We also specified some overriding attributes of the grouped bar chart. The result is an object that is automagically turned into a chart by the notebook.



This sequence of steps illustrates the primary usage pattern of the VCF-comp library. See section QC analyses for an overview of QC functionality.

Let's now apply this for a SNP comparison.

Starting a SNP comparison

Analogously, we launch a SNP comparison.

val snpParams = new ComparisonParams(labels = ("TUMOR", "NORMAL"))

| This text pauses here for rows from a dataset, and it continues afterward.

(* Let $n\geq 2$. Let $\mathbf{P}\subseteq\mathbf{Q}$ be structures in $\mathcal{PO}_{n,<_1,\ldots,<_n}$ ($\mathbf{P}$ a substructure of $\mathbf{Q}$). If $f$ is an embedding of $\mathbf{P}$ into $\mathbf{D}_{n,<_1,\ldots,<_n}$, then there is an embedding $g$ of $\mathbf{Q}$ into $\mathbf{D}_{n,<_1,\ldots,<_n}$ which extends $f$.
   Context: Fix $n\geq 2$ and a set $D_n\subseteq\mathbb{Q}^n$ which is dense in $\mathbb{Q}^n$ (product topology) and such that no two distinct points of $D_n$ share a common coordinate. $\mathbf{D}_{n,<_1,\ldots,<_n}=(D_n,<,<_1,\ldots,<_n)$ where $<$ is the product order ($\mathbf{a}<\mathbf{b}$ iff $a_i\leq b_i$ for all $i$ and $\mathbf{a}\neq\mathbf{b}$) and $\mathbf{a}<_i\mathbf{b}$ iff $a_i<b_i$. $\mathcal{PO}_{n,<_1,\ldots,<_n}$ is the class of all finite structures $(P,<,<_1,\ldots,<_n)$ where $<_1,\ldots,<_n$ are strict linear orders on $P$ and $a<b$ iff $a<_ib$ for all $i\leq n$. Embeddings are injective maps preserving and reflecting each of $<,<_1,\ldots,<_n$; substructures carry the induced relations. *)

theory Defs
  imports Main "HOL.Rat"
begin

text \<open>Points of Q^n are represented as functions nat => rat that vanish outside {..<n}.\<close>
definition rat_space :: "nat \<Rightarrow> (nat \<Rightarrow> rat) set" where
  "rat_space n = {x. \<forall>i\<ge>n. x i = 0}"

text \<open>Density of D in Q^n w.r.t. the product topology (Q with its order topology):
  D meets every nonempty basic open set, i.e. every product of open intervals.\<close>
definition dense_in_Qn :: "nat \<Rightarrow> (nat \<Rightarrow> rat) set \<Rightarrow> bool" where
  "dense_in_Qn n D \<longleftrightarrow>
     (\<forall>a b :: nat \<Rightarrow> rat. (\<forall>i<n. a i < b i) \<longrightarrow>
        (\<exists>d\<in>D. \<forall>i<n. a i < d i \<and> d i < b i))"

definition no_common_coord :: "nat \<Rightarrow> (nat \<Rightarrow> rat) set \<Rightarrow> bool" where
  "no_common_coord n D \<longleftrightarrow>
     (\<forall>a\<in>D. \<forall>b\<in>D. a \<noteq> b \<longrightarrow> (\<forall>i<n. a i \<noteq> b i))"

definition prod_less :: "nat \<Rightarrow> (nat \<Rightarrow> rat) \<Rightarrow> (nat \<Rightarrow> rat) \<Rightarrow> bool" where
  "prod_less n a b \<longleftrightarrow> (\<forall>i<n. a i \<le> b i) \<and> a \<noteq> b"

definition coord_less :: "nat \<Rightarrow> (nat \<Rightarrow> rat) \<Rightarrow> (nat \<Rightarrow> rat) \<Rightarrow> bool" where
  "coord_less i a b \<longleftrightarrow> a i < b i"

definition strict_linear_on :: "'a set \<Rightarrow> ('a \<Rightarrow> 'a \<Rightarrow> bool) \<Rightarrow> bool" where
  "strict_linear_on A r \<longleftrightarrow>
     (\<forall>x\<in>A. \<not> r x x) \<and>
     (\<forall>x\<in>A. \<forall>y\<in>A. \<forall>z\<in>A. r x y \<longrightarrow> r y z \<longrightarrow> r x z) \<and>
     (\<forall>x\<in>A. \<forall>y\<in>A. x \<noteq> y \<longrightarrow> r x y \<or> r y x)"

text \<open>(A, lt, L 0, ..., L (n-1)) is a member of PO_{n,<_1,...,<_n}.\<close>
definition in_PO :: "nat \<Rightarrow> 'a set \<Rightarrow> ('a \<Rightarrow> 'a \<Rightarrow> bool) \<Rightarrow> (nat \<Rightarrow> 'a \<Rightarrow> 'a \<Rightarrow> bool) \<Rightarrow> bool" where
  "in_PO n A lt L \<longleftrightarrow> finite A \<and>
     (\<forall>i<n. strict_linear_on A (L i)) \<and>
     (\<forall>a\<in>A. \<forall>b\<in>A. lt a b \<longleftrightarrow> (\<forall>i<n. L i a b))"

definition is_embedding ::
  "nat \<Rightarrow> ('a \<Rightarrow> 'b) \<Rightarrow> 'a set \<Rightarrow> ('a \<Rightarrow> 'a \<Rightarrow> bool) \<Rightarrow> (nat \<Rightarrow> 'a \<Rightarrow> 'a \<Rightarrow> bool)
       \<Rightarrow> 'b set \<Rightarrow> ('b \<Rightarrow> 'b \<Rightarrow> bool) \<Rightarrow> (nat \<Rightarrow> 'b \<Rightarrow> 'b \<Rightarrow> bool) \<Rightarrow> bool" where
  "is_embedding n f A ltA LA B ltB LB \<longleftrightarrow>
     inj_on f A \<and> f ` A \<subseteq> B \<and>
     (\<forall>x\<in>A. \<forall>y\<in>A. ltA x y \<longleftrightarrow> ltB (f x) (f y)) \<and>
     (\<forall>i<n. \<forall>x\<in>A. \<forall>y\<in>A. LA i x y \<longleftrightarrow> LB i (f x) (f y))"

end

theory Submission
  imports Defs
begin

text \<open>Because distinct points of \<open>D\<close> share no coordinate, two of them are below each other in
  the product order iff they are below each other in every coordinate order. Hence an embedding
  into \<open>D\<close> is just a map into \<open>D\<close> that preserves and reflects each coordinate order, and it is
  enough to extend such maps. They extend one point \<open>q\<close> at a time: in coordinate \<open>i\<close> the image
  of \<open>q\<close> must lie above the images of its \<open><\<^sub>i\<close>-predecessors and below those of its
  \<open><\<^sub>i\<close>-successors, which leaves a nonempty open interval, and by density \<open>D\<close> meets the
  product of these \<open>n\<close> intervals.\<close>

definition order_embedding_on :: "'a set \<Rightarrow> ('a \<Rightarrow> 'a \<Rightarrow> bool) \<Rightarrow> ('a \<Rightarrow> 'b::order) \<Rightarrow> bool" where
  "order_embedding_on A r h \<longleftrightarrow> (\<forall>x\<in>A. \<forall>y\<in>A. r x y \<longleftrightarrow> h x < h y)"

definition coord_embedding ::
  "nat \<Rightarrow> ('a \<Rightarrow> (nat \<Rightarrow> rat)) \<Rightarrow> 'a set \<Rightarrow> (nat \<Rightarrow> 'a \<Rightarrow> 'a \<Rightarrow> bool) \<Rightarrow> (nat \<Rightarrow> rat) set \<Rightarrow> bool"
  where
  "coord_embedding n g A L D \<longleftrightarrow> g ` A \<subseteq> D \<and> (\<forall>i<n. order_embedding_on A (L i) (\<lambda>x. g x i))"

lemma finite_sets_separated_by_interval:
  fixes X Y :: "'a::{linorder, no_top, no_bot} set"
  assumes "finite X" "finite Y" "\<forall>x\<in>X. \<forall>y\<in>Y. x < y"
  shows "\<exists>a b. a < b \<and> (\<forall>x\<in>X. x \<le> a) \<and> (\<forall>y\<in>Y. b \<le> y)"
proof -
  obtain a where a: "\<forall>x\<in>X. x \<le> a" "\<forall>y\<in>Y. a < y"
  proof (cases "X = {}")
    case True
    obtain a where "a < Min Y" using lt_ex by blast
    with True show ?thesis using assms(2) that by (cases "Y = {}") auto
  next
    case False
    then show ?thesis using assms by (intro that[of "Max X"]) auto
  qed
  obtain b where b: "a < b" "\<forall>y\<in>Y. b \<le> y"
  proof (cases "Y = {}")
    case True
    then show ?thesis using gt_ex that by blast
  next
    case False
    then show ?thesis using a assms(2) by (intro that[of "Min Y"]) auto
  qed
  show ?thesis using a b by blast
qed

lemma order_embedding_on_gap:
  fixes h :: "'a \<Rightarrow> 'b::{linorder, no_top, no_bot}"
  assumes "strict_linear_on Q r" "A \<subseteq> Q" "finite A" "q \<in> Q" "order_embedding_on A r h"
  shows "\<exists>a b. a < b \<and> (\<forall>p\<in>A. r p q \<longrightarrow> h p \<le> a) \<and> (\<forall>p\<in>A. r q p \<longrightarrow> b \<le> h p)"
proof -
  let ?below = "h ` {p\<in>A. r p q}" and ?above = "h ` {p\<in>A. r q p}"
  have separated: "\<forall>x\<in>?below. \<forall>y\<in>?above. x < y"
  proof (intro ballI)
    fix x y assume "x \<in> ?below" "y \<in> ?above"
    then obtain p p' where p: "p \<in> A" "r p q" "x = h p" and p': "p' \<in> A" "r q p'" "y = h p'"
      by blast
    have "p \<in> Q" "p' \<in> Q" using assms(2) p(1) p'(1) by auto
    then have "r p p'" using assms(1,4) p(2) p'(2) unfolding strict_linear_on_def by blast
    then show "x < y" using assms(5) p p' unfolding order_embedding_on_def by simp
  qed
  have "finite ?below" "finite ?above" using assms(3) by auto
  from finite_sets_separated_by_interval[OF this separated]
  show ?thesis by auto
qed

lemma order_embedding_on_insert:
  assumes "strict_linear_on Q r" "A \<subseteq> Q" "q \<in> Q" "q \<notin> A" "order_embedding_on A r h"
    and above: "\<forall>p\<in>A. r p q \<longrightarrow> h p < c" and below: "\<forall>p\<in>A. r q p \<longrightarrow> c < h p"
  shows "order_embedding_on (insert q A) r (h(q := c))"
proof -
  have "\<not> r q q" using assms(1,3) unfolding strict_linear_on_def by blast
  moreover have "r p q \<longleftrightarrow> h p < c" "r q p \<longleftrightarrow> c < h p" if "p \<in> A" for p
  proof -
    have "p \<in> Q" "p \<noteq> q" using assms(2,4) \<open>p \<in> A\<close> by auto
    then have "r p q \<or> r q p" using assms(1,3) unfolding strict_linear_on_def by blast
    then show "r p q \<longleftrightarrow> h p < c" "r q p \<longleftrightarrow> c < h p"
      using above below \<open>p \<in> A\<close> by (auto dest: less_asym)
  qed
  ultimately show ?thesis using assms(4,5) unfolding order_embedding_on_def by auto
qed

lemma coord_embedding_insert:
  assumes dense: "dense_in_Qn n D"
    and lin: "\<forall>i<n. strict_linear_on Q (L i)"
    and "A \<subseteq> Q" "finite A" "q \<in> Q" "q \<notin> A"
    and g: "coord_embedding n g A L D"
  shows "\<exists>g'. coord_embedding n g' (insert q A) L D \<and> (\<forall>x\<in>A. g' x = g x)"
proof -
  have coord: "order_embedding_on A (L i) (\<lambda>x. g x i)" if "i < n" for i
    using g that unfolding coord_embedding_def by blast
  have "\<exists>a b. a < b \<and> (\<forall>p\<in>A. L i p q \<longrightarrow> g p i \<le> a) \<and> (\<forall>p\<in>A. L i q p \<longrightarrow> b \<le> g p i)"
    if "i < n" for i
    using order_embedding_on_gap[OF lin[rule_format, OF that] assms(3-5) coord[OF that]] .
  then obtain lo hi where gap: "\<And>i. i < n \<Longrightarrow> lo i < hi i \<and> (\<forall>p\<in>A. L i p q \<longrightarrow> g p i \<le> lo i)
      \<and> (\<forall>p\<in>A. L i q p \<longrightarrow> hi i \<le> g p i)"
    by metis
  then obtain d where d: "d \<in> D" "\<And>i. i < n \<Longrightarrow> lo i < d i \<and> d i < hi i"
    using dense[unfolded dense_in_Qn_def, rule_format, of lo hi] by blast
  have "order_embedding_on (insert q A) (L i) (\<lambda>x. (g(q := d)) x i)" if "i < n" for i
  proof -
    have "order_embedding_on (insert q A) (L i) ((\<lambda>x. g x i)(q := d i))"
    proof (rule order_embedding_on_insert[OF lin[rule_format, OF that] assms(3,5,6) coord[OF that]])
      show "\<forall>p\<in>A. L i p q \<longrightarrow> g p i < d i" and "\<forall>p\<in>A. L i q p \<longrightarrow> d i < g p i"
        using gap[OF that] d(2)[OF that] by fastforce+
    qed
    moreover have "(\<lambda>x. g x i)(q := d i) = (\<lambda>x. (g(q := d)) x i)" by auto
    ultimately show ?thesis by simp
  qed
  moreover have "(g(q := d)) ` insert q A \<subseteq> D" using g d(1) \<open>q \<notin> A\<close>
    unfolding coord_embedding_def by auto
  ultimately have "coord_embedding n (g(q := d)) (insert q A) L D"
    unfolding coord_embedding_def by blast
  then show ?thesis using \<open>q \<notin> A\<close> by (intro exI[of _ "g(q := d)"]) auto
qed

lemma coord_embedding_extend:
  assumes dense: "dense_in_Qn n D"
    and lin: "\<forall>i<n. strict_linear_on Q (L i)"
    and "finite Q" "P \<subseteq> Q"
    and f: "coord_embedding n f P L D"
  shows "\<exists>g. coord_embedding n g Q L D \<and> (\<forall>x\<in>P. g x = f x)"
proof -
  have "\<exists>g. coord_embedding n g (P \<union> F) L D \<and> (\<forall>x\<in>P. g x = f x)" if "finite F" "F \<subseteq> Q" for F
    using that
  proof (induction F rule: finite_induct)
    case empty
    then show ?case using f by auto
  next
    case (insert q F)
    then obtain g where g: "coord_embedding n g (P \<union> F) L D" "\<forall>x\<in>P. g x = f x" by auto
    show ?case
    proof (cases "q \<in> P \<union> F")
      case True
      then show ?thesis using g by (auto simp: insert_absorb)
    next
      case False
      have "finite (P \<union> F)" using \<open>finite Q\<close> \<open>P \<subseteq> Q\<close> insert.hyps(1) finite_subset by blast
      then show ?thesis
        using coord_embedding_insert[OF dense lin, of "P \<union> F" q g] \<open>P \<subseteq> Q\<close> insert.prems g False
        by auto
    qed
  qed
  from this[OF \<open>finite Q\<close>] show ?thesis using \<open>P \<subseteq> Q\<close> by (simp add: sup_absorb2)
qed

lemma prod_less_iff_coord_less:
  assumes "no_common_coord n D" "a \<in> D" "b \<in> D" "0 < n"
  shows "prod_less n a b \<longleftrightarrow> (\<forall>i<n. a i < b i)"
  using assms unfolding prod_less_def no_common_coord_def by (auto simp: order_le_less)

lemma coord_embedding_imp_embedding:
  assumes "0 < n" "no_common_coord n D" "in_PO n Q lt L"
    and g: "coord_embedding n g Q L D"
  shows "is_embedding n g Q lt L D (prod_less n) coord_less"
proof -
  have gD: "g ` Q \<subseteq> D" and gL: "\<forall>i<n. \<forall>x\<in>Q. \<forall>y\<in>Q. L i x y \<longleftrightarrow> g x i < g y i"
    using g unfolding coord_embedding_def order_embedding_on_def by auto
  have "inj_on g Q"
  proof (rule inj_onI)
    fix x y assume "x \<in> Q" "y \<in> Q" "g x = g y"
    then have "\<not> L 0 x y" "\<not> L 0 y x" using gL assms(1) by auto
    then show "x = y"
      using assms(1,3) \<open>x \<in> Q\<close> \<open>y \<in> Q\<close> unfolding in_PO_def strict_linear_on_def by blast
  qed
  moreover have "\<forall>x\<in>Q. \<forall>y\<in>Q. lt x y \<longleftrightarrow> prod_less n (g x) (g y)"
  proof (intro ballI)
    fix x y assume "x \<in> Q" "y \<in> Q"
    moreover from this have "prod_less n (g x) (g y) \<longleftrightarrow> (\<forall>i<n. g x i < g y i)"
      using gD prod_less_iff_coord_less[OF assms(2) _ _ assms(1)] by blast
    ultimately show "lt x y \<longleftrightarrow> prod_less n (g x) (g y)"
      using assms(3) gL unfolding in_PO_def by auto
  qed
  ultimately show ?thesis using gD gL unfolding is_embedding_def coord_less_def by blast
qed

theorem lemma3p1:
  fixes n :: nat and D :: "(nat \<Rightarrow> rat) set"
    and P Q :: "'a set" and lt :: "'a \<Rightarrow> 'a \<Rightarrow> bool" and L :: "nat \<Rightarrow> 'a \<Rightarrow> 'a \<Rightarrow> bool"
    and f :: "'a \<Rightarrow> (nat \<Rightarrow> rat)"
  assumes "n \<ge> 2"
    and "D \<subseteq> rat_space n"
    and "dense_in_Qn n D"
    and "no_common_coord n D"
    and "in_PO n Q lt L"
    and "P \<subseteq> Q"
    and "is_embedding n f P lt L D (prod_less n) coord_less"
  shows "\<exists>g. is_embedding n g Q lt L D (prod_less n) coord_less \<and> (\<forall>x\<in>P. g x = f x)"
proof -
  \<comment> \<open>Of the hypotheses on \<open>n\<close> and \<open>D\<close>, only \<open>0 < n\<close>, density and distinct coordinates are used.\<close>
  have "coord_embedding n f P L D"
    using assms(7) unfolding is_embedding_def coord_embedding_def order_embedding_on_def coord_less_def
    by auto
  then obtain g where "coord_embedding n g Q L D" "\<forall>x\<in>P. g x = f x"
    using coord_embedding_extend[OF assms(3) _ _ assms(6)] assms(5) unfolding in_PO_def by blast
  moreover have "0 < n" using assms(1) by simp
  ultimately show ?thesis using coord_embedding_imp_embedding assms(4,5) by blast
qed

end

val snpComparison = sc.startSnpComparison(tumor, normal, snpParams) // a Spark RDD
                      .cache()                                      // cache the RDD		

In the same spirit as the QC example, we create a Spark RDD instance by invoking the startSnpComparison function on the SparkContext sc. Analogously, we can inspect the list of available functions by invoking the .help function on the snpComparison value.
res17: String =
- alleleFrequencyDistribution
- allelesSwitchCount
- baseChangeCount
- baseChangePatternCount
- baseChangeTypeCount
- categoryCount
- clinvarRatio
- commonSnpRatio
- countByProjection
- countBySwitch
- countByTraversableProjection
- functionalAnnotationCount
- functionalImpactCount
- qualityDistribution
- readDepthDistribution
- synonymousRatio
- transcriptBiotypeCount
- viewOnly
- zygosityCount
- zygositySwitchCount

Let's choose the readDepthDistribution analysis, and inspect which visualizations are available. Note that not all visualization make sense for a "distribution" type analysis.

res21: String =
- groupedBarChart
- lineChart
- lollipopPieChart
- percentageBarChart
- stackedBarChart
- table

In this case, a line chart makes most sense, so let's try that.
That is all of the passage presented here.